> **Provided entries**:
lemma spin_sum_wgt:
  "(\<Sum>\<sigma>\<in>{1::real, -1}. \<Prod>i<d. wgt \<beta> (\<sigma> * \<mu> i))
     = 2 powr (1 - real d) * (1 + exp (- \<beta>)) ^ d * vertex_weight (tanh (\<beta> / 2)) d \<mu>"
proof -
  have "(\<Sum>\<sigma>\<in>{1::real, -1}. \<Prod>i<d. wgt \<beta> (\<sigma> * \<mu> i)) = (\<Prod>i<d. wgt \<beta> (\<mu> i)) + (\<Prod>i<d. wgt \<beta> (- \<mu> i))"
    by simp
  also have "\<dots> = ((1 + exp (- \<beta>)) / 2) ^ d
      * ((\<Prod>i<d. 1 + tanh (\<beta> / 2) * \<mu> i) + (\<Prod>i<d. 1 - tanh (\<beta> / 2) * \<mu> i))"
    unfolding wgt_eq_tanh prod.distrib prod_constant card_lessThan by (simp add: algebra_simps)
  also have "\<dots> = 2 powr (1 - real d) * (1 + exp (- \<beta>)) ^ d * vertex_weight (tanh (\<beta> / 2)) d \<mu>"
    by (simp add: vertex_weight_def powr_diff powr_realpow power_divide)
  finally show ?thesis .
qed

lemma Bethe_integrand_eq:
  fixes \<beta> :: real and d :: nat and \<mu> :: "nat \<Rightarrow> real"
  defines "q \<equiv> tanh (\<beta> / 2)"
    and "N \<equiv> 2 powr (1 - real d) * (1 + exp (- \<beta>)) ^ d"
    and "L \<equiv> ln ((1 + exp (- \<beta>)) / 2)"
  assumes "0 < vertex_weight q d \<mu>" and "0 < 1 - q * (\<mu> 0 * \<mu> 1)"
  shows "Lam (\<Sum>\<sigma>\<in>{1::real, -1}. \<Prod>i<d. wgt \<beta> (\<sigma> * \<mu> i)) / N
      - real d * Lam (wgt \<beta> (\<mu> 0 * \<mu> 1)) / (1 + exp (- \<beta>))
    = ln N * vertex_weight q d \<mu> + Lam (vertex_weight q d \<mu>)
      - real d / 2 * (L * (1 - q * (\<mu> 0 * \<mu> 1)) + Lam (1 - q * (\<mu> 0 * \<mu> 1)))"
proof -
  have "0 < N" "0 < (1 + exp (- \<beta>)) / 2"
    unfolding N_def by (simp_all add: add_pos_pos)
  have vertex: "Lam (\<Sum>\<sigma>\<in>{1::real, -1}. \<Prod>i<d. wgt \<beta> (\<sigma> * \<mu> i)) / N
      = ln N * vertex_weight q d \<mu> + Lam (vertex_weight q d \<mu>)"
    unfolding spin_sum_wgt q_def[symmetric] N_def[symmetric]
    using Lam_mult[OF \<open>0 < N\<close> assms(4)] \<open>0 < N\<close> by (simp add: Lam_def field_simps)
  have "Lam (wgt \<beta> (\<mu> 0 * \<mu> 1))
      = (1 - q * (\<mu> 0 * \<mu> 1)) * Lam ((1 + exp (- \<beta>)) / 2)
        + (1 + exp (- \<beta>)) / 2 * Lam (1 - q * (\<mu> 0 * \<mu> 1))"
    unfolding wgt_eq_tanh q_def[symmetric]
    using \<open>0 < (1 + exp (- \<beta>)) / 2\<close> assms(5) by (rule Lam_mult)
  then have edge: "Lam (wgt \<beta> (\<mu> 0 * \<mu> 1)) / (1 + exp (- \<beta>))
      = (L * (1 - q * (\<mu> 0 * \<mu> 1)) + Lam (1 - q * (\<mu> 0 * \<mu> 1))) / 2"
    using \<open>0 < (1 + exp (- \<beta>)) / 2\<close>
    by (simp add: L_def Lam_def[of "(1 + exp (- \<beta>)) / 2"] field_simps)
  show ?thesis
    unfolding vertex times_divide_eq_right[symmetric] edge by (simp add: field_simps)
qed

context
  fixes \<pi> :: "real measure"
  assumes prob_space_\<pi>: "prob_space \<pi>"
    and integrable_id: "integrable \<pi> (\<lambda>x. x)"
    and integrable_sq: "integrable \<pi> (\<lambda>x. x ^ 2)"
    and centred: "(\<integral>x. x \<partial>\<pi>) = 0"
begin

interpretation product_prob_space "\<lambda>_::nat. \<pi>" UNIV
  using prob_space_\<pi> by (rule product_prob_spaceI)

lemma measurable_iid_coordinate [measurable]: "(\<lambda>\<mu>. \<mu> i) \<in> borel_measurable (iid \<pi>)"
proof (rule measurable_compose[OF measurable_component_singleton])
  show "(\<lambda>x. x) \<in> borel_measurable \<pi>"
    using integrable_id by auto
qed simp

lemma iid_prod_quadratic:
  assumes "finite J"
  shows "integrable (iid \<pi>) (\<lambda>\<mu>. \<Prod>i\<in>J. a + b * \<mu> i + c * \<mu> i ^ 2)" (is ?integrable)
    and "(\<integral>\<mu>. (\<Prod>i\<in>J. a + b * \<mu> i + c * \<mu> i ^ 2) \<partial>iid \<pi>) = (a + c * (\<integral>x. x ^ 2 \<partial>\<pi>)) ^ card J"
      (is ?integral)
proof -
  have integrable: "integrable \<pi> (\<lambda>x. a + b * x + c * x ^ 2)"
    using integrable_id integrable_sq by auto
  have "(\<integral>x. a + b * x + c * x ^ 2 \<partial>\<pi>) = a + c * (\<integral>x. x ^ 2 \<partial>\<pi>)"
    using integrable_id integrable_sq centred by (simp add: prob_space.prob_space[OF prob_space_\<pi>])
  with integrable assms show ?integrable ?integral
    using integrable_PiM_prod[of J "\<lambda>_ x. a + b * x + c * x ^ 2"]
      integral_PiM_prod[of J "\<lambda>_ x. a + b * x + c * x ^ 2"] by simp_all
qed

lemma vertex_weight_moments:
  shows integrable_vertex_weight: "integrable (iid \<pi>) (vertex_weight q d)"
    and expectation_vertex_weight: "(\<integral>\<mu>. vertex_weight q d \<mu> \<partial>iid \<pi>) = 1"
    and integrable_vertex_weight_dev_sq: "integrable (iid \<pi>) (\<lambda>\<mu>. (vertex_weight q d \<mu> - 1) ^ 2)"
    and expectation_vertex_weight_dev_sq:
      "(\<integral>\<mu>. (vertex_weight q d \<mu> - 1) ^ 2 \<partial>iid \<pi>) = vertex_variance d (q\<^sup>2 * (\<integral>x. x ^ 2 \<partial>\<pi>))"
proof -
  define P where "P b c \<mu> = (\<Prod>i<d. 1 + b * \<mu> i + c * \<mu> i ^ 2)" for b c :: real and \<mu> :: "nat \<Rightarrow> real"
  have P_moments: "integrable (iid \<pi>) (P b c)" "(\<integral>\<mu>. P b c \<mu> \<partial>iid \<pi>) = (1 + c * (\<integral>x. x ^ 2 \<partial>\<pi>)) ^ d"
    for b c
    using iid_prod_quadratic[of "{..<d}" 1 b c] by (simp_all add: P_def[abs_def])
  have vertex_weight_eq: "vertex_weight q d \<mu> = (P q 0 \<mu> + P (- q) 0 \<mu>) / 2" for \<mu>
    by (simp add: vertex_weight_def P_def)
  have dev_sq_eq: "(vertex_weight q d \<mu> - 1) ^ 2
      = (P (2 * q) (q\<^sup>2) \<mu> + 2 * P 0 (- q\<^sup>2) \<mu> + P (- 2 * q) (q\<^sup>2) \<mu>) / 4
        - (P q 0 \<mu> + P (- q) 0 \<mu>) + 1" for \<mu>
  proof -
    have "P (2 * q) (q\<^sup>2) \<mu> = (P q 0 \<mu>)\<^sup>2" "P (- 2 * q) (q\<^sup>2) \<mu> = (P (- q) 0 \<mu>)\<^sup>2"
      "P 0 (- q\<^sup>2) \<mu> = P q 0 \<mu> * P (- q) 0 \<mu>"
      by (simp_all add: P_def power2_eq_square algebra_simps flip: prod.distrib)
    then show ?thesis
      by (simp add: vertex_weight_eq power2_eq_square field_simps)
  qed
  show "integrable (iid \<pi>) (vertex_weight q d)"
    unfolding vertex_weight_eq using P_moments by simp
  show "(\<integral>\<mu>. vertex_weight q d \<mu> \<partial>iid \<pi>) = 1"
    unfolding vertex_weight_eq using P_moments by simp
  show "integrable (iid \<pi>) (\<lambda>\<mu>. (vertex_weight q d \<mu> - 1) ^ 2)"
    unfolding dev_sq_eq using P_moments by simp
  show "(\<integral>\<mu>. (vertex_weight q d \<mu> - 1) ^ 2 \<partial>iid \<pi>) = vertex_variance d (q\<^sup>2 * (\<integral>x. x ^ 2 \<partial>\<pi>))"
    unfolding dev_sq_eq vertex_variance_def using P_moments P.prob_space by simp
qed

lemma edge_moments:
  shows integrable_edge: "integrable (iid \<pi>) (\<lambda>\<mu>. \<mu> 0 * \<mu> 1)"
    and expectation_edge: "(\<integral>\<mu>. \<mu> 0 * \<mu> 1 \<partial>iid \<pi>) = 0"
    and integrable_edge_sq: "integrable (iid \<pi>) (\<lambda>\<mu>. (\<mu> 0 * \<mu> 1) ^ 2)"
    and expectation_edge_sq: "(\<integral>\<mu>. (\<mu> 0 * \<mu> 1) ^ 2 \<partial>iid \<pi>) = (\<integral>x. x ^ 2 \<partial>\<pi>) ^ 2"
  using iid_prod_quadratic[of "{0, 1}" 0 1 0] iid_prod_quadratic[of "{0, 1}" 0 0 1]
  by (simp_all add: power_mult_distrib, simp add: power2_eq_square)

> **What you need to do**: Count the lines above that contain the word "fixes". Write only the number.

> **Result**: 2